--- RECORDS SUPPLIED ---
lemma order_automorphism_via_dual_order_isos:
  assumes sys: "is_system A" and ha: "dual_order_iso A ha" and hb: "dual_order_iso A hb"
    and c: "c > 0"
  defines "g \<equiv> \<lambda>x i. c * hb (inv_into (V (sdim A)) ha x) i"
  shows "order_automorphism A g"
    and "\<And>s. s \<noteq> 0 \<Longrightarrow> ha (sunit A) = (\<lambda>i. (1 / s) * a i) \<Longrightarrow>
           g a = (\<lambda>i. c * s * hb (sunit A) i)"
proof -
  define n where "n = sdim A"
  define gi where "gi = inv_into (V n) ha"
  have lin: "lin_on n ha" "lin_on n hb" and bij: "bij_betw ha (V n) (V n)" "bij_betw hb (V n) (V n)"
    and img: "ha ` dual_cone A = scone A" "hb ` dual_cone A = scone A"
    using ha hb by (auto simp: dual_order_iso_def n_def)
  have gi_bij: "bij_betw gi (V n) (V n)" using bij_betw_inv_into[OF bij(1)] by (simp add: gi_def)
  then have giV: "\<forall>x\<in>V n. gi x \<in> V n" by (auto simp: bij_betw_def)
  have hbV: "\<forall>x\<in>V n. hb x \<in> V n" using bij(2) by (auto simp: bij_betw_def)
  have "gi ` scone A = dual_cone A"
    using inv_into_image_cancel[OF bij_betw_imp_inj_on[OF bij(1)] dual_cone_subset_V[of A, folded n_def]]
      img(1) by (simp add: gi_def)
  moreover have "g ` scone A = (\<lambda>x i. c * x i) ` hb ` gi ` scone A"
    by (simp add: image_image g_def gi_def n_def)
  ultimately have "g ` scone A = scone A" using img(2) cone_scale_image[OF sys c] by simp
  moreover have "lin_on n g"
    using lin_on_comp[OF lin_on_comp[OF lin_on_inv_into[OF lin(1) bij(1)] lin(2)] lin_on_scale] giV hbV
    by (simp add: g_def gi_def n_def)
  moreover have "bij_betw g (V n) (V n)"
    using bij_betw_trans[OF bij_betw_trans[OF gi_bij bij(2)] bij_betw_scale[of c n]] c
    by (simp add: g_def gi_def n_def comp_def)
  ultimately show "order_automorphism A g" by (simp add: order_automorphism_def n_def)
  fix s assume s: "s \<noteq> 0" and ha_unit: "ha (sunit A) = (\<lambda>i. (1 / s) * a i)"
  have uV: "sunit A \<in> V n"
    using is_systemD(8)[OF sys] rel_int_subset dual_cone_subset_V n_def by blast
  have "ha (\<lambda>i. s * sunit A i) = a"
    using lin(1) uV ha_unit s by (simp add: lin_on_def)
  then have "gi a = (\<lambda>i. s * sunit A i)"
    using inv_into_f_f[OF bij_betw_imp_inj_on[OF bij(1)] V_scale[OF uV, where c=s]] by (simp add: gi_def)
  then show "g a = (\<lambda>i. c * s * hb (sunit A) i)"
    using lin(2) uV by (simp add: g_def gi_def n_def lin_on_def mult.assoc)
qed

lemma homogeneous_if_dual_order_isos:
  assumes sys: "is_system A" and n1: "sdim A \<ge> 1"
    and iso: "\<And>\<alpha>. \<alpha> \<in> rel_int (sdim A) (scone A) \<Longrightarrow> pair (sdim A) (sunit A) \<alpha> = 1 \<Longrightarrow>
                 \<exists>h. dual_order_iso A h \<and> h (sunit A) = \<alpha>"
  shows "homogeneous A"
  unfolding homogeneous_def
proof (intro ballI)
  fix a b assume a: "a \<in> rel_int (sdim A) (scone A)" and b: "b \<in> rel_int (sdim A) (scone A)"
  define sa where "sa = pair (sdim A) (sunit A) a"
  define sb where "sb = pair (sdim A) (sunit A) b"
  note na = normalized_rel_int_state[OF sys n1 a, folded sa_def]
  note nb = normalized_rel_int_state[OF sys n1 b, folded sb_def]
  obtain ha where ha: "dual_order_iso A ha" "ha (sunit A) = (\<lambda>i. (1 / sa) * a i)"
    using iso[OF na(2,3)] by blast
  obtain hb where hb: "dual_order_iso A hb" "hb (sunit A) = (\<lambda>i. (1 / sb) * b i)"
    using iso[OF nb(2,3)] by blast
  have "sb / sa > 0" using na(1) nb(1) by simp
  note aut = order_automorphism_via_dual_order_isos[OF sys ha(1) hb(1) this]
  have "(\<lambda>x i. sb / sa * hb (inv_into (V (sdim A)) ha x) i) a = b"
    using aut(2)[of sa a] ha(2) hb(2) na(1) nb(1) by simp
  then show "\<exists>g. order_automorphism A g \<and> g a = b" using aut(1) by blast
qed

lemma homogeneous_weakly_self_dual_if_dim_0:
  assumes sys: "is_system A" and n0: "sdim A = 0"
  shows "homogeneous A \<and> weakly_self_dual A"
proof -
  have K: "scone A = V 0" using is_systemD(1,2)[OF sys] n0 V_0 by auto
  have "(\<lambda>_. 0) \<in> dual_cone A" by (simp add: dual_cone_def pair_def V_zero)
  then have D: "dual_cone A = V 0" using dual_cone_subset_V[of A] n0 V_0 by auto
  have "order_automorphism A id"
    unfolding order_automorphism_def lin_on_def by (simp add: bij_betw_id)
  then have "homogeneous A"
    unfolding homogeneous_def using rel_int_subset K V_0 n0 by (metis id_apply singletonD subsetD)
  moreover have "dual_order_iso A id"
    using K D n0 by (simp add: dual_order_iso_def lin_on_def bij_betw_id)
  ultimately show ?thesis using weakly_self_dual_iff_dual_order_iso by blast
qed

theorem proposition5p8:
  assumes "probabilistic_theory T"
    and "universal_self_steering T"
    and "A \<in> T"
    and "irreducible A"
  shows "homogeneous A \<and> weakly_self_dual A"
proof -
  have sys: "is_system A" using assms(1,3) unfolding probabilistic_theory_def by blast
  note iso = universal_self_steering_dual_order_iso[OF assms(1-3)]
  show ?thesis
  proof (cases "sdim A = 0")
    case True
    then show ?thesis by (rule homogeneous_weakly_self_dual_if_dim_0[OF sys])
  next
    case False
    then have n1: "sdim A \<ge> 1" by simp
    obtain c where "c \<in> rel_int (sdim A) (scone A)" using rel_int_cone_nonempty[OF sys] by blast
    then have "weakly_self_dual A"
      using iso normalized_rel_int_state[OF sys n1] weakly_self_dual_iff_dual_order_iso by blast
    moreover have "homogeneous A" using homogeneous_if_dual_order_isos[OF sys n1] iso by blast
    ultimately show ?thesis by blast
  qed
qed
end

* * *

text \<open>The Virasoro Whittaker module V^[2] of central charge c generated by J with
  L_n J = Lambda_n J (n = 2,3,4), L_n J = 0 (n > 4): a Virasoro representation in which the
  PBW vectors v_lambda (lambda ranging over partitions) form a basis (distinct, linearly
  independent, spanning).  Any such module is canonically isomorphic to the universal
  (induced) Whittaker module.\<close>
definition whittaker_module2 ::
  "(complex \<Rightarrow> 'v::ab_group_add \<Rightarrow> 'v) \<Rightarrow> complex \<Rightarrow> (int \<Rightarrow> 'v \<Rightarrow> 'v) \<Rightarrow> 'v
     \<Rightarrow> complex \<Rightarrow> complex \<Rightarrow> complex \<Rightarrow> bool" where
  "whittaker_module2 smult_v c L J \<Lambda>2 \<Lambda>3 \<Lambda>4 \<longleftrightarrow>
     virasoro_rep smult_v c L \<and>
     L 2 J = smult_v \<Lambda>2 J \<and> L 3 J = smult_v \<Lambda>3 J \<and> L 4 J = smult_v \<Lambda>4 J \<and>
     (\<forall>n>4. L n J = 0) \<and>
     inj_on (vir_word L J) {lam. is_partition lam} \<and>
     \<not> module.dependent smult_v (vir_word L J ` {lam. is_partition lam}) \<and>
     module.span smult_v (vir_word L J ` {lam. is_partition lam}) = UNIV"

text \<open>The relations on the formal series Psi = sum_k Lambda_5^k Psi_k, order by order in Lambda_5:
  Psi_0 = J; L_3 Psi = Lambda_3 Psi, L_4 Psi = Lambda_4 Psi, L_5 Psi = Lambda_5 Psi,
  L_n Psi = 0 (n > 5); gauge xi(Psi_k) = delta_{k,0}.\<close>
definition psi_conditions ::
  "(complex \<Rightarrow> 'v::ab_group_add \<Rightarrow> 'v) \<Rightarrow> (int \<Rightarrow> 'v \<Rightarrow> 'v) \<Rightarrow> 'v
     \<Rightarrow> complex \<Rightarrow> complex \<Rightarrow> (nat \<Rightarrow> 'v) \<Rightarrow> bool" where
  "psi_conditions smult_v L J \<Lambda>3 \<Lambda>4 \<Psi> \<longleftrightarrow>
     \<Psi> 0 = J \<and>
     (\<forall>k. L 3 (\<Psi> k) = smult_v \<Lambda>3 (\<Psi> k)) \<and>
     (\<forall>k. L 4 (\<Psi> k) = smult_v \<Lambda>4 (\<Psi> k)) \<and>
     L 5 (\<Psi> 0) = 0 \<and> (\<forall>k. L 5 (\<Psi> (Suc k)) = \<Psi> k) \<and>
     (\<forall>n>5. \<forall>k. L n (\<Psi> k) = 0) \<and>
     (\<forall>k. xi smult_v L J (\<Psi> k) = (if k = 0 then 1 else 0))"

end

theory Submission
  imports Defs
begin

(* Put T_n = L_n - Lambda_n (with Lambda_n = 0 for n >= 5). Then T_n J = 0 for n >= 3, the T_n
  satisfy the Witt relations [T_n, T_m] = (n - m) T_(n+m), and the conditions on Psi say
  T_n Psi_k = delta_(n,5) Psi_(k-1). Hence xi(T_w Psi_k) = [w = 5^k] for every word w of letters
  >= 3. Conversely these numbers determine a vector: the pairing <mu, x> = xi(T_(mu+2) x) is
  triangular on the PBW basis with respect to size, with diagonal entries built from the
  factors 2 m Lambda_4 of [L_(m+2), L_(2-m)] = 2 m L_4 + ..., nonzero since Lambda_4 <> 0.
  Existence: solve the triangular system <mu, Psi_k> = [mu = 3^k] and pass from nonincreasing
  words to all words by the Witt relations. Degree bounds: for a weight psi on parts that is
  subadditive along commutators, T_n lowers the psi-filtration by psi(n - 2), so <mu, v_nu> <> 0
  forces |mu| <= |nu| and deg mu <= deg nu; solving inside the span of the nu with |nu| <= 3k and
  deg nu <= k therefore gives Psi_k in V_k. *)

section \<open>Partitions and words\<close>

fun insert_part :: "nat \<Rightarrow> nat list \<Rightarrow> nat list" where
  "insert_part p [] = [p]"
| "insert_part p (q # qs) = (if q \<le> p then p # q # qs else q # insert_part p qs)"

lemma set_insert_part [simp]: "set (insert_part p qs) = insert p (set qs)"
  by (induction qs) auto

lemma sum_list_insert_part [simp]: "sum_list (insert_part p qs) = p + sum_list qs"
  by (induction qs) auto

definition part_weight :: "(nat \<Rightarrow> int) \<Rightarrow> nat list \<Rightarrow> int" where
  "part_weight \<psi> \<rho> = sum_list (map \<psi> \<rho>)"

--- DIRECTIONS FOR THIS TASK ---
Output exactly one stretch of the listing: from the line containing "list \<Rightarrow> nat" through the line containing "p + sum_list", both end lines included.

--- PROBLEM SOLUTION ---
fun insert_part :: "nat \<Rightarrow> nat list \<Rightarrow> nat list" where
  "insert_part p [] = [p]"
| "insert_part p (q # qs) = (if q \<le> p then p # q # qs else q # insert_part p qs)"

lemma set_insert_part [simp]: "set (insert_part p qs) = insert p (set qs)"
  by (induction qs) auto

lemma sum_list_insert_part [simp]: "sum_list (insert_part p qs) = p + sum_list qs"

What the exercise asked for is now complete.